The giant sea of red is stunned, and the away fans even have the cheek to make a ssssh sound. “Fergie’s right, your fans are s--te,” they sing.
It’s not quiet when Zlatan Ibrahimovic puts United back in the game four minutes before half-time. The goal gives United hope as the players head down the tunnel at the break, which Mourinho utilises to substitute Lingard and Mkhitaryan, whose struggles to get into the game in their first start of the season were clear only 10 minutes into it.
United improve in the second period as they chase the game. Their fans shout “Attack! Attack! Attack!” A huge roar goes up followed by primal screams of “United! United!” when a board is held up to signal five minutes of added-on time, but City hold out.
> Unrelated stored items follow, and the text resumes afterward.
(* For an infinite Boolean algebra $A$, $\mathrm{aut}(A)\leq\mathrm{sub}(A)$.
   Context: $\mathrm{aut}(A)$ is the number of automorphisms of $A$ and $\mathrm{sub}(A)$ is the number of subalgebras of $A$. *)

theory Defs
  imports Main
begin

unbundle cardinal_syntax

definition ba_automorphisms :: "('a::boolean_algebra \<Rightarrow> 'a) set" where
  "ba_automorphisms = {f. bij f
      \<and> (\<forall>x y. f (sup x y) = sup (f x) (f y))
      \<and> (\<forall>x y. f (inf x y) = inf (f x) (f y))
      \<and> (\<forall>x. f (- x) = - f x)
      \<and> f bot = bot \<and> f top = top}"

definition ba_subalgebras :: "'a::boolean_algebra set set" where
  "ba_subalgebras = {S. bot \<in> S \<and> top \<in> S
      \<and> (\<forall>x\<in>S. \<forall>y\<in>S. sup x y \<in> S)
      \<and> (\<forall>x\<in>S. \<forall>y\<in>S. inf x y \<in> S)
      \<and> (\<forall>x\<in>S. - x \<in> S)}"

end

theory Submission
  imports Defs
begin

text \<open>Call X irredundant if no x \<in> X lies in the subalgebra generated by X - {x}.
  Generation is finitary, so by Zorn's lemma there is a maximal irredundant X, and maximality
  makes the subalgebra B generated by X dense: if some a \<noteq> 0 had no nonzero element of B
  below it, X \<union> {a} would still be irredundant. Over a dense set D every a is determined by
  {d \<in> D. d \<le> a}. Hence X is infinite, and an automorphism f, being determined by its values
  on X, is determined by the set {(x, d) \<in> X \<times> B. d \<le> f x}. As |B| \<le> |X|, this gives
  aut(A) \<le> 2^|X|; and as X is irredundant, Y \<mapsto> \<langle>Y\<rangle> is injective on the subsets of X,
  so 2^|X| \<le> sub(A).\<close>

lemma eq_if_inf_eq_inf_compl:
  fixes y a b :: "'a::boolean_algebra"
  assumes "inf y a = inf y b" and "inf (- y) a = inf (- y) b"
  shows "a = b"
proof -
  have "a = sup (inf y a) (inf (- y) a)"
    by (simp flip: inf_sup_distrib2)
  also have "\<dots> = sup (inf y b) (inf (- y) b)"
    using assms by simp
  also have "\<dots> = b"
    by (simp flip: inf_sup_distrib2)
  finally show ?thesis .
qed

lemma inf_inf_distrib_left:
  fixes y a b :: "'a::boolean_algebra"
  shows "inf y (inf a b) = inf (inf y a) (inf y b)"
  by (simp add: inf_aci)

lemma neq_iff_inf_compl:
  fixes a b :: "'a::boolean_algebra"
  shows "a \<noteq> b \<longleftrightarrow> inf a (- b) \<noteq> bot \<or> inf b (- a) \<noteq> bot"
  by (auto simp: inf_shunt)

lemma inf_compl_le_if_inf_compl_eq:
  fixes a x q :: "'a::boolean_algebra"
  assumes "inf (- a) x = inf (- a) q"
  shows "inf x (- q) \<le> a"
proof -
  have "inf (inf x (- q)) (- a) = inf (inf (- a) x) (- q)"
    by (simp add: inf_aci)
  also have "\<dots> = inf (inf (- a) q) (- q)"
    using assms by simp
  also have "\<dots> = bot"
    by (simp add: inf_assoc)
  finally show ?thesis
    by (simp add: inf_shunt)
qed

definition ba_cond :: "'a::boolean_algebra \<Rightarrow> 'a \<Rightarrow> 'a \<Rightarrow> 'a" where
  "ba_cond y p q = sup (inf y p) (inf (- y) q)"

lemma inf_ba_cond:
  "inf y (ba_cond y p q) = inf y p"
  "inf (- y) (ba_cond y p q) = inf (- y) q"
  by (simp_all add: ba_cond_def inf_sup_distrib1 inf_assoc[symmetric])

lemma ba_cond_same: "ba_cond y x x = x"
  by (rule eq_if_inf_eq_inf_compl[of y]) (simp_all add: inf_ba_cond)

lemma ba_cond_top_bot: "ba_cond y top bot = y"
  by (simp add: ba_cond_def)

lemma ba_cond_sup: "sup (ba_cond y p q) (ba_cond y p' q') = ba_cond y (sup p p') (sup q q')"
  by (rule eq_if_inf_eq_inf_compl[of y]) (simp_all add: inf_sup_distrib1 inf_ba_cond)

lemma ba_cond_inf: "inf (ba_cond y p q) (ba_cond y p' q') = ba_cond y (inf p p') (inf q q')"
  by (rule eq_if_inf_eq_inf_compl[of y])
    (simp_all only: inf_inf_distrib_left[of y] inf_inf_distrib_left[of "- y"] inf_ba_cond)

lemma ba_cond_compl: "- ba_cond y p q = ba_cond y (- p) (- q)"
proof (rule compl_unique)
  show "inf (ba_cond y p q) (ba_cond y (- p) (- q)) = bot"
    by (simp add: ba_cond_inf ba_cond_same)
  show "sup (ba_cond y p q) (ba_cond y (- p) (- q)) = top"
    by (simp add: ba_cond_sup ba_cond_same)
qed

lemma card_of_finite_le_infinite:
  assumes "finite A" "infinite B"
  shows "|A| \<le>o |B|"
  using finite_ordLess_infinite[of "|A|" "|B|"] assms
  by (simp add: ordLess_imp_ordLeq card_of_well_order_on Field_card_of)

lemma card_of_Un_le_infinite:
  "infinite S \<Longrightarrow> |A| \<le>o |S| \<Longrightarrow> |B| \<le>o |S| \<Longrightarrow> |A \<union> B| \<le>o |S|"
  using card_of_Un_ordLeq_infinite_Field[of "|S|" A B] by (simp add: card_of_card_order_on Field_card_of)

lemma card_of_Times_le_infinite:
  "infinite S \<Longrightarrow> |A| \<le>o |S| \<Longrightarrow> |B| \<le>o |S| \<Longrightarrow> |A \<times> B| \<le>o |S|"
  using card_of_Times_ordLeq_infinite_Field[of "|S|" A B] by (simp add: card_of_card_order_on Field_card_of)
“It’s only 6-1. Sixty thousand empty seats, it’s only 6-1. It should have been 10, you lucky bastards. It could have been 10."
City fans recall their most famous Old Trafford derby win
They deserve their win, and Mourinho is quick to congratulate Guardiola at the final whistle—plus all the City bench. It was their fans who delighted in singing “Never felt more like singing the Blues, City win, United lose…” and then “We’re the pride of Manchester.”
As they sing, Guardiola urges his players to go closer and applaud their supporters in the wedge-shaped away end. John Stones celebrates as if he’s won the league rather than his first Manchester derby.
United’s players are despondent. Their best had been Ibrahimovic, who sources confirm later bemoaned his poor service to friends—joking that he’d only had one true ball all game, and that from City’s shaky debutant goalkeeper Claudio Bravo, which he scored.